ORFINGER and DANIEL, JJ., concur.
NOTES
[1] In Leon, the Court held that the good faith exception would not apply in the following circumstances:
Suppression therefore remains an appropriate remedy if the magistrate or judge in issuing a warrant was misled by information in an affidavit that the affiant knew was false or would have known was false except for his reckless disregard of the truth. Franks v. Delaware, 438 U.S. 154, 98 S. Ct. 2674, 57 L. Ed. 2d 667 (1978). The exception we recognize today will also not apply in cases where the issuing magistrate wholly abandoned his judicial role in the manner condemned in Lo-Ji Sales, Inc. v. New York, 442 U.S. 319, 99 S. Ct. 2319, 60 L. Ed. 2d 920 (1979); in such circumstances, no reasonably well trained officer should rely on the warrant.
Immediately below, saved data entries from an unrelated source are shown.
lemma read_degree_run:
  assumes "R \<ge> 1"
  defines "x \<equiv> nat_bits R" and "L \<equiv> length (nat_bits R)"
  shows "search_reaches R L x (init_config search_tm)
    (conf 10 (0::'p::prime_card mod_ring) 0 L 0 0 0 (Suc L) (tape_of (replicate R 0)) (tape_of [0])
      (tape_of [0]) (tape_of (replicate L 1)) [])"
proof -
  have "search_reaches R L x (init_config search_tm)
      (conf 4 (0::'p mod_ring) 0 L 1 0 0 1 (tape_of []) (tape_of []) (tape_of []) (tape_of (map of_bool x)) [])"
    unfolding init_config_search_tm L_def x_def by (rule copy_input_run)
  also have "search_reaches R L x \<dots>
      (conf 6 0 0 L (Suc R) 0 0 (Suc L) (tape_of (replicate R 0)) (tape_of []) (tape_of [])
        (tape_of (replicate L 1)) [])"
    using count_down_run[of "map of_bool x" R 0 R L x "0::'p mod_ring" 0 L "tape_of []" "tape_of []" "[]"]
    by (simp add: L_def x_def bin_value_nat_bits image_subset_iff)
  also have "search_reaches R L x \<dots>
      (conf 10 0 0 L 0 0 0 (Suc L) (tape_of (replicate R 0)) (tape_of [0]) (tape_of [0])
        (tape_of (replicate L 1)) [])"
    by (rule start_search_run) (use assms in simp_all)
  finally show ?thesis .
qed
lemma ex1_permutes_strict_mono_on:
  fixes x :: "nat \<Rightarrow> 'a::linorder"
  assumes inj: "inj_on x {1..n}"
  shows "\<exists>!\<sigma>. \<sigma> permutes {1..n} \<and> strict_mono_on {1..n} (x \<circ> \<sigma>)"
proof -
  define L where "L = sorted_list_of_set (x ` {1..n})"
  have L: "length L = n" "set L = x ` {1..n}" "sorted_wrt (<) L" "distinct L"
    using card_image[OF inj] by (auto simp: L_def)
  define \<sigma> where "\<sigma> i = (if i \<in> {1..n} then inv_into {1..n} x (L ! (i - 1)) else i)" for i
  have L_in: "L ! (i - 1) \<in> x ` {1..n}" if "i \<in> {1..n}" for i
    using L(1,2) that nth_mem[of "i - 1" L] by auto
  have x\<sigma>: "x (\<sigma> i) = L ! (i - 1)" if "i \<in> {1..n}" for i
    using L_in[OF that] that by (simp add: \<sigma>_def f_inv_into_f)
  have "inj_on \<sigma> {1..n}"
  proof (rule inj_onI)
    fix i j assume ij: "i \<in> {1..n}" "j \<in> {1..n}" "\<sigma> i = \<sigma> j"
    then have "L ! (i - 1) = L ! (j - 1)" using x\<sigma> by metis
    moreover have "i - 1 < length L" "j - 1 < length L" using ij L(1) by auto
    ultimately show "i = j" using nth_eq_iff_index_eq[OF L(4), of "i - 1" "j - 1"] ij by auto
  qed
  moreover have "\<sigma> ` {1..n} \<subseteq> {1..n}"
    using L_in inv_into_into[of _ x "{1..n}"] by (auto simp: \<sigma>_def)
  ultimately have "bij_betw \<sigma> {1..n} {1..n}"
    by (simp add: bij_betw_def endo_inj_surj)
  then have "\<sigma> permutes {1..n}"
    by (rule bij_imp_permutes) (auto simp: \<sigma>_def)
  moreover have "strict_mono_on {1..n} (x \<circ> \<sigma>)"
    using L(1,3) x\<sigma> by (auto simp: strict_mono_on_def sorted_wrt_iff_nth_less)
  moreover have "\<sigma>' = \<tau>" if "\<sigma>' permutes {1..n}" "strict_mono_on {1..n} (x \<circ> \<sigma>')"
    and "\<tau> permutes {1..n}" "strict_mono_on {1..n} (x \<circ> \<tau>)" for \<sigma>' \<tau>
  proof
    fix i
    show "\<sigma>' i = \<tau> i"
    proof (cases "i \<in> {1..n}")
      case True
      then have "x (\<sigma>' i) = x (\<tau> i)"
        using permutes_strict_mono_on_eq_sorted_list that by metis
      then show ?thesis
        using True inj permutes_in_image[OF that(1)] permutes_in_image[OF that(3)]
        by (auto dest: inj_onD)
    qed (use that in \<open>simp add: permutes_not_in\<close>)
  qed
  ultimately show ?thesis by blast
qed

definition ordered_pairs :: "nat \<Rightarrow> (nat \<times> nat) set" where
  "ordered_pairs n = {(i, j). 1 \<le> i \<and> i < j \<and> j \<le> n}"

lemma ordered_pairs_eq: "ordered_pairs n = {(i, j). i \<in> {1..n} \<and> j \<in> {1..n} \<and> i < j}"
  by (auto simp: ordered_pairs_def)

lemma finite_ordered_pairs[simp]: "finite (ordered_pairs n)"
  by (rule finite_subset[of _ "{1..n} \<times> {1..n}"]) (auto simp: ordered_pairs_def)

lemma card_ordered_pairs: "card (ordered_pairs n) = n * (n - 1) div 2"
proof (induction n)
  case 0
  have "ordered_pairs 0 = {}" by (auto simp: ordered_pairs_def)
  then show ?case by simp
next
  case (Suc n)
  have "ordered_pairs (Suc n) = ordered_pairs n \<union> (\<lambda>i. (i, Suc n)) ` {1..n}"
    by (auto simp: ordered_pairs_def le_Suc_eq)
  moreover have "ordered_pairs n \<inter> (\<lambda>i. (i, Suc n)) ` {1..n} = {}"
    by (auto simp: ordered_pairs_def)
  ultimately have "card (ordered_pairs (Suc n)) = n * (n - 1) div 2 + n"
    using Suc by (simp add: card_Un_disjoint card_image inj_on_def)
  also have "\<dots> = Suc n * (Suc n - 1) div 2"
    by (cases n) (simp_all add: algebra_simps)
  finally show ?case .
qed

definition selberg_weight :: "nat \<Rightarrow> nat \<Rightarrow> nat \<Rightarrow> nat \<Rightarrow> (nat \<Rightarrow> real) \<Rightarrow> real" where
  "selberg_weight n r s m x =
     (\<Prod>i\<in>{1..n}. x i ^ r * (1 - x i) ^ s) * (\<Prod>(i, j)\<in>ordered_pairs n. \<bar>x i - x j\<bar> ^ m)"

definition ordered_unit_simplex :: "nat \<Rightarrow> (nat \<Rightarrow> real) set" where
  "ordered_unit_simplex n = {x. (\<forall>i\<in>{1..n}. 0 < x i \<and> x i < 1) \<and> strict_mono_on {1..n} x}"

lemma selberg_weight_permute:
  assumes \<sigma>: "\<sigma> permutes {1..n}"
  shows "selberg_weight n r s m (\<lambda>i\<in>{1..n}. x (\<sigma> i)) = selberg_weight n r s m x"
proof -
  have restrict: "selberg_weight n r s m (\<lambda>i\<in>{1..n}. x (\<sigma> i))
      = (\<Prod>i\<in>{1..n}. x (\<sigma> i) ^ r * (1 - x (\<sigma> i)) ^ s)
        * (\<Prod>(i, j)\<in>ordered_pairs n. \<bar>x (\<sigma> i) - x (\<sigma> j)\<bar> ^ m)"
    unfolding selberg_weight_def
    by (intro arg_cong2[where f = "(*)"] prod.cong) (auto simp: ordered_pairs_def)
  have factors: "(\<Prod>i\<in>{1..n}. x (\<sigma> i) ^ r * (1 - x (\<sigma> i)) ^ s) = (\<Prod>i\<in>{1..n}. x i ^ r * (1 - x i) ^ s)"
    using prod.reindex_bij_betw[OF permutes_imp_bij[OF \<sigma>], of "\<lambda>i. x i ^ r * (1 - x i) ^ s"] .
  have pairs: "(\<Prod>(i, j)\<in>ordered_pairs n. \<bar>x (\<sigma> i) - x (\<sigma> j)\<bar> ^ m)
      = (\<Prod>(i, j)\<in>ordered_pairs n. \<bar>x i - x j\<bar> ^ m)"
    unfolding ordered_pairs_eq
    by (rule prod_ordered_pairs_permute[OF \<sigma>, of "\<lambda>a b. \<bar>x a - x b\<bar> ^ m"]) (simp add: abs_minus_commute)
  show ?thesis
    unfolding restrict factors pairs by (simp only: selberg_weight_def)
qed

lemma measurable_selberg_weight[measurable]:
  "selberg_weight n r s m \<in> borel_measurable (lborel_on {1..n})"
proof -
  have x: "(\<lambda>x. x i) \<in> borel_measurable (lborel_on {1..n})" if "i \<in> {1..n}" for i
    using that by simp
  show ?thesis
    unfolding selberg_weight_def ordered_pairs_def
    by (intro borel_measurable_times borel_measurable_prod)
      (auto split: prod.split intro!: borel_measurable_power borel_measurable_diff
        borel_measurable_abs borel_measurable_times x)
qed

lemma sets_ordered_unit_simplex[measurable]:
  "{x \<in> space (lborel_on {1..n}). x \<in> ordered_unit_simplex n} \<in> sets (lborel_on {1..n})"
  unfolding ordered_unit_simplex_def strict_mono_on_def by measurable

lemma permute_mem_ordered_unit_simplex_iff:
  assumes \<sigma>: "\<sigma> permutes {1..n}"
  shows "(\<lambda>i\<in>{1..n}. x (\<sigma> i)) \<in> ordered_unit_simplex n
    \<longleftrightarrow> (\<forall>i\<in>{1..n}. 0 < x i \<and> x i < 1) \<and> strict_mono_on {1..n} (x \<circ> \<sigma>)"
proof -
  have "(\<forall>i\<in>{1..n}. 0 < x (\<sigma> i) \<and> x (\<sigma> i) < 1) \<longleftrightarrow> (\<forall>i\<in>\<sigma> ` {1..n}. 0 < x i \<and> x i < 1)"
    by simp
  also have "\<dots> \<longleftrightarrow> (\<forall>i\<in>{1..n}. 0 < x i \<and> x i < 1)"
    by (simp only: permutes_image[OF \<sigma>])
  finally show ?thesis
    by (simp add: ordered_unit_simplex_def permutes_image[OF \<sigma>] strict_mono_on_def)
qed
(* Let $\Lambda=T_1\sqcup\cdots\sqcup T_m$ be a partition of $\Lambda$ into pairwise disjoint tilings $T_1,\dots,T_m$. Then for every $S\subseteq\{1,\dots,m\}$, the set $T_S=\bigcup_{s\in S}T_s$ is a tiling.
   Context: Fix an integer $n\ge 3$ and write $[n]=\{1,\dots,n\}$. Let $\Lambda$ be the set of 3-element subsets of $[n]$; a triple $\{i,j,k\}$ with $i<j<k$ is written $ijk$. For a 4-element subset $F=\{i<j<k<l\}$ of $[n]$, the stick of $F$ is the sequence $(ijk,\ ijl,\ ikl,\ jkl)$. A tiling (the inversion set of a rhombus tiling of the zonogon $Z(n;2)$) is a subset $T\subseteq\Lambda$ such that for every 4-element $F\subseteq[n]$, $T\cap\mathrm{stick}(F)$ is an initial segment or a final segment of the stick (empty set and whole stick allowed). *)

theory Defs
  imports Main
begin

definition Lambda :: "nat \<Rightarrow> nat set set" where
  "Lambda n = {X. X \<subseteq> {1..n} \<and> card X = 3}"

text \<open>Stick of a 4-set F = {i<j<k<l}: the list (ijk, ijl, ikl, jkl).\<close>
definition stick :: "nat set \<Rightarrow> nat set list" where
  "stick F = (let xs = sorted_list_of_set F in
     [F - {xs ! 3}, F - {xs ! 2}, F - {xs ! 1}, F - {xs ! 0}])"

definition is_tiling :: "nat \<Rightarrow> nat set set \<Rightarrow> bool" where
  "is_tiling n T \<longleftrightarrow> T \<subseteq> Lambda n \<and>
     (\<forall>F. F \<subseteq> {1..n} \<and> card F = 4 \<longrightarrow>
        (\<exists>p\<le>4. filter (\<lambda>t. t \<in> T) (stick F) = take p (stick F)
               \<or> filter (\<lambda>t. t \<in> T) (stick F) = drop p (stick F)))"

end

theory Submission
  imports Defs
begin

text \<open>Since the tilings \<open>T\<^sub>i\<close> partition \<open>\<Lambda>\<close>, every stick is split into classes by the map
  sending a triple to the index of its tiling, and each class is an initial or a final segment of
  the stick. A nonempty initial segment contains the first triple and a nonempty final segment
  the last one, so at most two indices occur along the stick: the one of its first and the one of
  its last triple. Any union of classes is therefore empty, the whole stick, or a single class.\<close>

definition selects_end_segment :: "('a \<Rightarrow> bool) \<Rightarrow> 'a list \<Rightarrow> bool" where
  "selects_end_segment P xs \<longleftrightarrow> (\<exists>p. filter P xs = take p xs \<or> filter P xs = drop p xs)"

lemma selects_end_segment_bounded:
  "selects_end_segment P xs \<longleftrightarrow>
     (\<exists>p\<le>length xs. filter P xs = take p xs \<or> filter P xs = drop p xs)"
proof
  assume "selects_end_segment P xs"
  then obtain p where "filter P xs = take p xs \<or> filter P xs = drop p xs"
    unfolding selects_end_segment_def by blast
  then show "\<exists>p\<le>length xs. filter P xs = take p xs \<or> filter P xs = drop p xs"
    by (intro exI[of _ "min p (length xs)"]) (auto simp: min_def)
qed (auto simp: selects_end_segment_def)

lemma selects_end_segment_cong:
  assumes "\<And>x. x \<in> set xs \<Longrightarrow> P x \<longleftrightarrow> Q x"
  shows "selects_end_segment P xs \<longleftrightarrow> selects_end_segment Q xs"
proof -
  have "filter P xs = filter Q xs"
    using assms by (rule filter_cong[OF refl])
  then show ?thesis unfolding selects_end_segment_def by simp
qed

lemma selects_end_segment_hd_or_last:
  assumes "selects_end_segment P xs" and "x \<in> set xs" and "P x"
  shows "P (hd xs) \<or> P (last xs)"
proof -
  have nonempty: "filter P xs \<noteq> []"
    using assms(2,3) by (auto simp: filter_empty_conv)
  then have "P (hd (filter P xs))" and "P (last (filter P xs))"
    using hd_in_set[of "filter P xs"] last_in_set[of "filter P xs"] by auto
  moreover obtain p where "filter P xs = take p xs \<or> filter P xs = drop p xs"
    using assms(1) unfolding selects_end_segment_def by blast
  ultimately show ?thesis
    using nonempty by (metis drop_eq_Nil2 hd_take last_drop not_gr0 not_le take_eq_Nil)
qed

lemma selects_end_segment_preimage:
  assumes classes: "\<And>i. selects_end_segment (\<lambda>x. f x = i) xs"
  shows "selects_end_segment (\<lambda>x. f x \<in> S) xs"
proof -
  have two_values: "f x = f (hd xs) \<or> f x = f (last xs)" if "x \<in> set xs" for x
    using selects_end_segment_hd_or_last[OF classes that refl] by auto
  consider "f (hd xs) \<in> S" "f (last xs) \<in> S" | "f (hd xs) \<notin> S" "f (last xs) \<notin> S"
    | "f (hd xs) \<in> S" "f (last xs) \<notin> S" | "f (hd xs) \<notin> S" "f (last xs) \<in> S"
    by blast
  then show ?thesis
  proof cases
    case 1
    then have "\<forall>x\<in>set xs. f x \<in> S"
      using two_values by metis
    then have "filter (\<lambda>x. f x \<in> S) xs = take (length xs) xs"
      by (simp add: filter_id_conv)
    then show ?thesis unfolding selects_end_segment_def by blast
  next
    case 2
    then have "\<forall>x\<in>set xs. f x \<notin> S"
      using two_values by metis
    then have "filter (\<lambda>x. f x \<in> S) xs = take 0 xs"
      by (simp add: filter_empty_conv)
    then show ?thesis unfolding selects_end_segment_def by blast
  next
    case 3
    then have "selects_end_segment (\<lambda>x. f x \<in> S) xs = selects_end_segment (\<lambda>x. f x = f (hd xs)) xs"
      using two_values by (intro selects_end_segment_cong) (metis 3)
    then show ?thesis using classes by blast
  next
    case 4
    then have "selects_end_segment (\<lambda>x. f x \<in> S) xs = selects_end_segment (\<lambda>x. f x = f (last xs)) xs"
      using two_values by (intro selects_end_segment_cong) (metis 4)
    then show ?thesis using classes by blast
  qed
qed

lemma is_tiling_iff_selects_end_segment:
  "is_tiling n T \<longleftrightarrow> T \<subseteq> Lambda n \<and>
     (\<forall>F. F \<subseteq> {1..n} \<and> card F = 4 \<longrightarrow> selects_end_segment (\<lambda>t. t \<in> T) (stick F))"
proof -
  have "length (stick F) = 4" for F
    by (simp add: stick_def Let_def)
  then show ?thesis
    unfolding is_tiling_def selects_end_segment_bounded by presburger
qed

lemma is_tiling_empty: "is_tiling n {}"
  unfolding is_tiling_iff_selects_end_segment selects_end_segment_def
  by (auto intro: exI[of _ 0])

lemma set_stick_subset_Lambda:
  assumes "F \<subseteq> {1..n}" and "card F = 4"
  shows "set (stick F) \<subseteq> Lambda n"
proof
  fix t assume t: "t \<in> set (stick F)"
  define xs where "xs = sorted_list_of_set F"
  have "finite F"
    using assms(2) by (metis card.infinite zero_neq_numeral)
  then have "length xs = 4" and "set xs = F"
    using assms(2) by (simp_all add: xs_def)
  then have "\<forall>k<4. xs ! k \<in> F"
    using nth_mem by metis
  moreover have "F - {x} \<in> Lambda n" if "x \<in> F" for x
    using that assms \<open>finite F\<close> by (auto simp: Lambda_def card_Diff_singleton)
  ultimately show "t \<in> Lambda n"
    using t by (auto simp: stick_def xs_def[symmetric])
qed

lemma is_tiling_preimage:
  assumes "\<And>i. is_tiling n {t \<in> Lambda n. f t = i}"
  shows "is_tiling n {t \<in> Lambda n. f t \<in> S}"
  unfolding is_tiling_iff_selects_end_segment
proof (intro conjI allI impI)
  fix F assume F: "F \<subseteq> {1..n} \<and> card F = 4"
  then have in_Lambda: "set (stick F) \<subseteq> Lambda n"
    by (intro set_stick_subset_Lambda) simp_all
  have "selects_end_segment (\<lambda>t. f t = i) (stick F)" for i
  proof -
    have "selects_end_segment (\<lambda>t. t \<in> {t \<in> Lambda n. f t = i}) (stick F)"
      using assms F unfolding is_tiling_iff_selects_end_segment by blast
    then show ?thesis
      using in_Lambda by (subst (asm) selects_end_segment_cong) auto
  qed
  then have "selects_end_segment (\<lambda>t. f t \<in> S) (stick F)"
    by (rule selects_end_segment_preimage)
  then show "selects_end_segment (\<lambda>t. t \<in> {t \<in> Lambda n. f t \<in> S}) (stick F)"
    using in_Lambda by (subst selects_end_segment_cong) auto
qed auto

lemma obtain_partition_index:
  assumes "\<And>i j. i \<in> I \<Longrightarrow> j \<in> I \<Longrightarrow> i \<noteq> j \<Longrightarrow> T i \<inter> T j = {}"
    and "(\<Union>i\<in>I. T i) = A"
  obtains g where "\<And>x. x \<in> A \<Longrightarrow> g x \<in> I" and "\<And>i. i \<in> I \<Longrightarrow> T i = {x \<in> A. g x = i}"
proof -
  obtain g where g: "\<And>x. x \<in> A \<Longrightarrow> g x \<in> I \<and> x \<in> T (g x)"
    using assms(2) by (metis UN_iff)
  have "T i = {x \<in> A. g x = i}" if "i \<in> I" for i
    using that g assms by blast
  with g that show ?thesis by blast
qed

theorem lemma2:
  fixes n m :: nat and T :: "nat \<Rightarrow> nat set set"
  assumes "n \<ge> 3"
    and tiles: "\<And>i. i \<in> {1..m} \<Longrightarrow> is_tiling n (T i)"
    and disj: "\<And>i j. i \<in> {1..m} \<Longrightarrow> j \<in> {1..m} \<Longrightarrow> i \<noteq> j \<Longrightarrow> T i \<inter> T j = {}"
    and cover: "(\<Union>i\<in>{1..m}. T i) = Lambda n"
    and "S \<subseteq> {1..m}"
  shows "is_tiling n (\<Union>s\<in>S. T s)"
proof -
  obtain own where own: "\<And>t. t \<in> Lambda n \<Longrightarrow> own t \<in> {1..m}"
    and T_eq: "\<And>i. i \<in> {1..m} \<Longrightarrow> T i = {t \<in> Lambda n. own t = i}"
    using obtain_partition_index[OF disj cover] by blast
  have "is_tiling n {t \<in> Lambda n. own t = i}" for i
  proof (cases "i \<in> {1..m}")
    case False
    then have "{t \<in> Lambda n. own t = i} = {}" using own by blast
    then show ?thesis by (metis is_tiling_empty)
  qed (use tiles T_eq in auto)
  moreover have "(\<Union>s\<in>S. T s) = {t \<in> Lambda n. own t \<in> S}"
    using T_eq own \<open>S \<subseteq> {1..m}\<close> by auto
  ultimately show ?thesis
    by (simp add: is_tiling_preimage)
qed

end
lemma orbs_funpow_cyc:
  assumes j: "j < n"
  shows "orbs n (cyc n ^^ j) = (\<lambda>r. {y. y < n \<and> y mod gcd j n = r}) ` {..<gcd j n}"
proof (intro set_eqI iffI)
  fix A assume "A \<in> orbs n (cyc n ^^ j)"
  then show "A \<in> (\<lambda>r. {y. y < n \<and> y mod gcd j n = r}) ` {..<gcd j n}"
    using orb_funpow_cyc[OF j] j by (auto simp: orbs_def)
next
  fix A assume "A \<in> (\<lambda>r. {y. y < n \<and> y mod gcd j n = r}) ` {..<gcd j n}"
  then obtain r where r: "r < gcd j n" "A = {y. y < n \<and> y mod gcd j n = r}"
    by auto
  then have "r < n"
    using j by (metis gcd_le2_nat not_less0 order_less_le_trans)
  then have "A = orb (cyc n ^^ j) r"
    using orb_funpow_cyc[OF j] r by simp
  then show "A \<in> orbs n (cyc n ^^ j)"
    using \<open>r < n\<close> by (auto simp: orbs_def)
qed

lemma cycle_type_funpow_cyc:
  assumes j: "j < n"
  shows "cycle_type n (cyc n ^^ j) = replicate_mset (gcd j n) (n div gcd j n)"
proof -
  define g where "g = gcd j n"
  define R where "R r = {y. y < n \<and> y mod g = r}" for r
  have inj: "inj_on R {..<g}"
  proof (rule inj_onI)
    fix r r' assume "r \<in> {..<g}" "r' \<in> {..<g}" "R r = R r'"
    moreover have "g \<le> n"
      using j by (simp add: g_def)
    ultimately show "r = r'"
      unfolding R_def by (metis (mono_tags, lifting) lessThan_iff mem_Collect_eq
        mod_less order_less_le_trans)
  qed
  have "orbs n (cyc n ^^ j) = R ` {..<g}"
    using orbs_funpow_cyc[OF j] by (simp add: R_def g_def)
  then have "cycle_type n (cyc n ^^ j) = image_mset card (image_mset R (mset_set {..<g}))"
    unfolding cycle_type_eq_orbs image_mset_mset_set[OF inj] by simp
  also have "\<dots> = image_mset (card \<circ> R) (mset_set {..<g})"
    by (simp add: multiset.map_comp)
  also have "\<dots> = image_mset (\<lambda>_. n div g) (mset_set {..<g})"
    using card_residue_class[of g n] by (intro image_mset_cong) (simp add: R_def g_def)
  finally show ?thesis
    by (simp add: image_mset_const_eq g_def)
qed
lemma weyl_coeff_complete:
  assumes N: "N > 0" and "a < N" "a' < N" "b < N" "b' < N"
  shows "(\<Sum>m<N. \<Sum>n<N. weyl_coeff N m n a a' * cnj (weyl_coeff N m n b b'))
    = (if a = b \<and> a' = b' then of_nat N else 0)"
proof -
  have "(\<Sum>m<N. \<Sum>n<N. weyl_coeff N m n a a' * cnj (weyl_coeff N m n b b')) =
     (\<Sum>m<N. \<Sum>n<N. if int N dvd (int m - (int a - int a')) then
        (if int N dvd (int m - (int b - int b')) then 1 * unit_root N (int n * (int a' - int b')) else 0)
      else 0)"
    by (intro sum.cong refl)
      (auto simp: weyl_coeff_eq_if_dvd_sub cnj_unit_root unit_root_add[symmetric] algebra_simps)
  also have "\<dots> = (\<Sum>m<N. if int N dvd (int m - (int a - int a')) \<and> int N dvd (int m - (int b - int b'))
        then 1 * (if int N dvd (int a' - int b') then of_nat N else 0) else 0)"
    by (intro sum.cong refl sum_cond_unit_root N)
  also have "\<dots> = (\<Sum>m<N. if int N dvd (int m - (int a - int a')) then
        (if int N dvd (int m - (int b - int b')) \<and> a' = b' then of_nat N else 0) else 0)"
    using int_dvd_diff_iff_eq[OF assms(3,5)] by (intro sum.cong refl) auto
  also have "\<dots> = (if int N dvd ((int a - int a') mod int N - (int b - int b')) \<and> a' = b'
      then of_nat N else 0)"
    using N by (simp add: sum_if_dvd_diff)
  also have "\<dots> = (if a = b \<and> a' = b' then of_nat N else 0)"
    using int_dvd_diff_iff_eq[OF assms(2,4)] by (auto simp: dvd_mod_diff_iff)
  finally show ?thesis .
qed

lemma weyl_coeff_mult_cnj:
  "weyl_coeff N k l a b * cnj (weyl_coeff N k l a' b') =
     (if int N dvd (int a - int b - int k) \<and> int N dvd (int a' - int b' - int k)
      then unit_root N ((int b - int b') * int l) else 0)"
  by (auto simp: weyl_coeff_def cnj_unit_root unit_root_add[symmetric] algebra_simps)

lemma sum_phase_weyl_coeff_mult_cnj:
  assumes N: "N > 0"
  shows "(\<Sum>m<N. \<Sum>n<N. unit_root N (int m * int l - int k * int n) *
            (weyl_coeff N m n a a' * cnj (weyl_coeff N m n b b') / of_nat N)) =
     (if int N dvd (int a - int a' - (int b - int b')) \<and> int N dvd (int a' - int b' - int k)
      then unit_root N ((int a - int a') * int l) else 0)"
proof -
  let ?D = "int a' - int b' - int k"
  have "(\<Sum>m<N. \<Sum>n<N. unit_root N (int m * int l - int k * int n) *
            (weyl_coeff N m n a a' * cnj (weyl_coeff N m n b b') / of_nat N)) =
     (\<Sum>m<N. \<Sum>n<N. if int N dvd (int m - (int a - int a')) then
        (if int N dvd (int m - (int b - int b'))
         then (unit_root N (int m * int l) / of_nat N) * unit_root N (int n * ?D) else 0)
      else 0)"
    by (intro sum.cong refl)
      (auto simp: weyl_coeff_eq_if_dvd_sub cnj_unit_root unit_root_add[symmetric] algebra_simps)
  also have "\<dots> = (\<Sum>m<N. if int N dvd (int m - (int a - int a')) \<and> int N dvd (int m - (int b - int b'))
        then (unit_root N (int m * int l) / of_nat N) * (if int N dvd ?D then of_nat N else 0) else 0)"
    by (intro sum.cong refl sum_cond_unit_root N)
  also have "\<dots> = (\<Sum>m<N. if int N dvd (int m - (int a - int a')) then
        (if int N dvd (int m - (int b - int b')) \<and> int N dvd ?D then unit_root N (int m * int l) else 0)
      else 0)"
    using N by (intro sum.cong refl) auto
  also have "\<dots> = (if int N dvd ((int a - int a') mod int N - (int b - int b')) \<and> int N dvd ?D
       then unit_root N ((int a - int a') mod int N * int l) else 0)"
    using N by (simp add: sum_if_dvd_diff)
  also have "unit_root N ((int a - int a') mod int N * int l) = unit_root N ((int a - int a') * int l)"
    by (rule unit_root_cong[OF N]) (simp add: mod_eq_dvd_iff[symmetric] mod_mult_left_eq)
  finally show ?thesis
    by (simp add: dvd_mod_diff_iff)
qed
(* If $\nu\ge\tfrac32$, then the function $x\mapsto -\mathcal{K}_\nu'(x)$ is strictly log-concave on $(0,\infty)$.
   Context: For $\nu>0$ define $\mathcal{K}_\nu:(0,\infty)\to(0,\infty)$ by $\mathcal{K}_\nu(x)=2^{\nu-1}\Gamma(\nu)x^\nu K_\nu(x)$, where $K_\nu$ is the modified Bessel function of the second kind (MacDonald function). Note $-\mathcal{K}_\nu'(x)=2^{\nu-1}\Gamma(\nu)x^\nu K_{\nu-1}(x)>0$. *)

theory Defs
  imports "HOL-Analysis.Analysis"
begin

text \<open>Modified Bessel function of the second kind (MacDonald function), via the
standard integral representation valid for x > 0 and real order nu:
  K_nu(x) = integral over t in [0,inf) of exp(-x cosh t) cosh(nu t).\<close>
definition besselK :: "real \<Rightarrow> real \<Rightarrow> real" where
  "besselK nu x = (LBINT t:{0..}. exp (- x * cosh t) * cosh (nu * t))"

definition calK :: "real \<Rightarrow> real \<Rightarrow> real" where
  "calK nu x = 2 powr (nu - 1) * Gamma nu * x powr nu * besselK nu x"

definition strictly_concave_on :: "real set \<Rightarrow> (real \<Rightarrow> real) \<Rightarrow> bool" where
  "strictly_concave_on S f \<longleftrightarrow>
     (\<forall>x\<in>S. \<forall>y\<in>S. x \<noteq> y \<longrightarrow> (\<forall>u::real. 0 < u \<and> u < 1 \<longrightarrow>
        f ((1 - u) * x + u * y) > (1 - u) * f x + u * f y))"

definition strictly_log_concave_on :: "real set \<Rightarrow> (real \<Rightarrow> real) \<Rightarrow> bool" where
  "strictly_log_concave_on S f \<longleftrightarrow>
     (\<forall>x\<in>S. f x > 0) \<and> strictly_concave_on S (\<lambda>x. ln (f x))"

end

theory Submission
  imports Defs
begin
Nor would an officer manifest objective good faith in relying on a warrant based on an affidavit `so lacking in indicia of probable cause as to render official belief in its existence entirely unreasonable.' Brown v. Illinois, 422 U.S. 590 at 610-611, 95 S.Ct. [2254] at 2265-2266 [45 L. Ed. 2d 416 (1975)] (POWELL, J., concurring in part); see Illinois v. Gates, supra, 462 U.S. 213 at 263-264, 103 S.Ct. [2317] at 2345-2346 (WHITE, J., concurring in the judgment). Finally, depending on the circumstances of the particular case, a warrant may be so facially deficient i.e., in failing to particularize the place to be searched or the things to be seized that the executing officers cannot reasonably presume it to be valid. Cf. Massachusetts v. Sheppard, 468 U.S., at 988-991, 104 S.Ct., at 3428-3430.
Id. at 928, 104 S.Ct. at 3421.
The dates of the controlled drug buys are clearly spelled out in the affidavit herein. This distinguishes the instant case from Dixon v. State, 511 So. 2d 1094 (Fla. 2d DCA 1987), relied on by the defendant in support of her claim that Leon is inapplicable.